**TASK ITEM:** For each line below that includes the string "definition", show the whole line.

BEGIN GIVEN RECORDS

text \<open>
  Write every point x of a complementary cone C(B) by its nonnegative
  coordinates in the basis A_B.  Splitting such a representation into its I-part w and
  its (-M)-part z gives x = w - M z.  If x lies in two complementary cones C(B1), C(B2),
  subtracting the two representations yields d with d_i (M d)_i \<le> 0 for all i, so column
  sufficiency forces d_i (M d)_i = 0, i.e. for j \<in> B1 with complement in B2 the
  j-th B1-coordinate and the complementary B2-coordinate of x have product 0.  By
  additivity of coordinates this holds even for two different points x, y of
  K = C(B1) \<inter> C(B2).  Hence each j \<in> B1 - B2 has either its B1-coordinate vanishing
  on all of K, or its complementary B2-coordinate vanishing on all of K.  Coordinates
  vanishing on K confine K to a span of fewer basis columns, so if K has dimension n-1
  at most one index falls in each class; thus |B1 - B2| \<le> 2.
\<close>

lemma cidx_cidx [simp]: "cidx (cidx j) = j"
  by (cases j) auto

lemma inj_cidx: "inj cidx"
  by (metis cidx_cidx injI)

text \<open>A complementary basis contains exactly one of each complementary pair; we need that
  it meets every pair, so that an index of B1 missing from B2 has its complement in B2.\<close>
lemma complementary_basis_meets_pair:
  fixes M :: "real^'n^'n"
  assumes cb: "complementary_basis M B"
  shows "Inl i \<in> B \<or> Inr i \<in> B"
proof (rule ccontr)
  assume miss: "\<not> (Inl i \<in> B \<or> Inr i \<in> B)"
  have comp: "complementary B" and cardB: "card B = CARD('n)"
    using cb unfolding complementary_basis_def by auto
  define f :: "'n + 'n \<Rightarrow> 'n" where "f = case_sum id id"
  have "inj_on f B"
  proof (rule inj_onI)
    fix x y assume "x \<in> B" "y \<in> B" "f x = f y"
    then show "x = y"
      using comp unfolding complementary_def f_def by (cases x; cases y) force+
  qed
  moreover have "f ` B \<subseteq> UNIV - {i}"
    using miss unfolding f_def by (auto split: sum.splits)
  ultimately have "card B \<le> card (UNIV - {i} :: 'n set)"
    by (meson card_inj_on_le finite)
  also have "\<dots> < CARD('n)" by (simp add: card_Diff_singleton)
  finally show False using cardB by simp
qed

END GIVEN RECORDS
BEGIN GIVEN RECORDS

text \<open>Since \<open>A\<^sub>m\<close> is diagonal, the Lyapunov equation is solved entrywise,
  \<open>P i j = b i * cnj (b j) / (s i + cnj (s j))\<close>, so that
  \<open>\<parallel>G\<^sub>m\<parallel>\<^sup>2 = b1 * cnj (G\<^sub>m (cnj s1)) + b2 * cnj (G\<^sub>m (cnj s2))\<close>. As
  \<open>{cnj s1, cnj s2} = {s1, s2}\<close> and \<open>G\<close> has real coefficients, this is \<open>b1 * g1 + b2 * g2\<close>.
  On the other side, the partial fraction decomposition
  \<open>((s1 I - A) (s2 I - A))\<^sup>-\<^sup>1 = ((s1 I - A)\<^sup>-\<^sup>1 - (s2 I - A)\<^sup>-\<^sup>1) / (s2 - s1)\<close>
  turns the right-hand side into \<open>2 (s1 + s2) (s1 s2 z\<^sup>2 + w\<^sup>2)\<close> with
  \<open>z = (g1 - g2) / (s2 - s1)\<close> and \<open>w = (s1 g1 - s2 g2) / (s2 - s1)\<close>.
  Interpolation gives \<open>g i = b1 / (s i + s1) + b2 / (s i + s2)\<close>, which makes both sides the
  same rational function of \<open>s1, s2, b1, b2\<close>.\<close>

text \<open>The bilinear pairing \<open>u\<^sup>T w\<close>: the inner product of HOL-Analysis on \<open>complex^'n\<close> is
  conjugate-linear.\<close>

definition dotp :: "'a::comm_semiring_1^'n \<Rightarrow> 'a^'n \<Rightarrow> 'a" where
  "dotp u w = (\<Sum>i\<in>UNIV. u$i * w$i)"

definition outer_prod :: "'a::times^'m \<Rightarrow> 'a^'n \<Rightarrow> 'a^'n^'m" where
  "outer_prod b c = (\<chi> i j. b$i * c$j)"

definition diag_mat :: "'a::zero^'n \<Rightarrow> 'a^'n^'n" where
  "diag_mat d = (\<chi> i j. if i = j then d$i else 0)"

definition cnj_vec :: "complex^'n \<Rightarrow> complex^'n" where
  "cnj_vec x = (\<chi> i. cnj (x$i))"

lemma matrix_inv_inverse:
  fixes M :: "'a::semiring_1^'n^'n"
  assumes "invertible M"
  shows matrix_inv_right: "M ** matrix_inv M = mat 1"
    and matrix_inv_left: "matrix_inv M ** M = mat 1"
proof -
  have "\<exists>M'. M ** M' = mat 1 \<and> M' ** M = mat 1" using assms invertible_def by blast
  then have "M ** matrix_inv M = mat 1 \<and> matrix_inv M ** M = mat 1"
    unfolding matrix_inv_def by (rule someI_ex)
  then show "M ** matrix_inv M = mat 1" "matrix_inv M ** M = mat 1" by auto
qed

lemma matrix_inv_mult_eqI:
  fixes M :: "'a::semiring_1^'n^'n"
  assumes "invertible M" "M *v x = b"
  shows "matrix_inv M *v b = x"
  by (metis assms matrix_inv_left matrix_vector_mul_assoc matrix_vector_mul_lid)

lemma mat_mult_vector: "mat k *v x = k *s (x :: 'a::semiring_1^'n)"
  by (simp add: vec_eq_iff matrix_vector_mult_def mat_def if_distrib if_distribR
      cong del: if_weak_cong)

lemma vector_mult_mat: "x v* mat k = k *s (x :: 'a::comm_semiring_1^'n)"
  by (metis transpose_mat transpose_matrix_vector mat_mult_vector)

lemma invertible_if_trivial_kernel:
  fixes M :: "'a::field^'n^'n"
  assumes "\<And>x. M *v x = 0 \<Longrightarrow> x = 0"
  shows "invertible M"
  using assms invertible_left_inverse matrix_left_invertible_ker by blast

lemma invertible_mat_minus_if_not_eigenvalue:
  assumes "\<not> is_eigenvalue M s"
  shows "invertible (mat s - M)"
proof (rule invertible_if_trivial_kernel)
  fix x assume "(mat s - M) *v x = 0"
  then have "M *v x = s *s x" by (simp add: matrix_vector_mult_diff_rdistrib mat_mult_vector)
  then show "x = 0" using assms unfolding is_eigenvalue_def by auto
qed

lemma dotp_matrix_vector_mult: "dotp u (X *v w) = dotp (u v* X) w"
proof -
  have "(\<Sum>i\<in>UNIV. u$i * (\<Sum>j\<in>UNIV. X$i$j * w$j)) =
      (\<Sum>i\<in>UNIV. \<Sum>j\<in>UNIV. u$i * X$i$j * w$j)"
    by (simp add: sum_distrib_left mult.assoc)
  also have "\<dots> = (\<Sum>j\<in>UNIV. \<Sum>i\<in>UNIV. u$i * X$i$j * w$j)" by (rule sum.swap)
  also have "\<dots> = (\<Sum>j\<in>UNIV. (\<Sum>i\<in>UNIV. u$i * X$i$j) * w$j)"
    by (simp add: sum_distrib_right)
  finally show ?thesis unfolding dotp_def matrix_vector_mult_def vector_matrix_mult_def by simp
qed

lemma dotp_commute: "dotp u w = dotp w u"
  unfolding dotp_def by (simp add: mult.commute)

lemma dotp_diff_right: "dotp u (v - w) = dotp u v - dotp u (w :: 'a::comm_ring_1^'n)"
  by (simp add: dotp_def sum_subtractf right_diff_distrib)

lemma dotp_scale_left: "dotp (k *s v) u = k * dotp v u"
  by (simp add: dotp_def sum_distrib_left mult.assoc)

END GIVEN RECORDS

**ANSWER BELOW:**
definition dotp :: "'a::comm_semiring_1^'n \<Rightarrow> 'a^'n \<Rightarrow> 'a" where
definition outer_prod :: "'a::times^'m \<Rightarrow> 'a^'n \<Rightarrow> 'a^'n^'m" where
definition diag_mat :: "'a::zero^'n \<Rightarrow> 'a^'n^'n" where
definition cnj_vec :: "complex^'n \<Rightarrow> complex^'n" where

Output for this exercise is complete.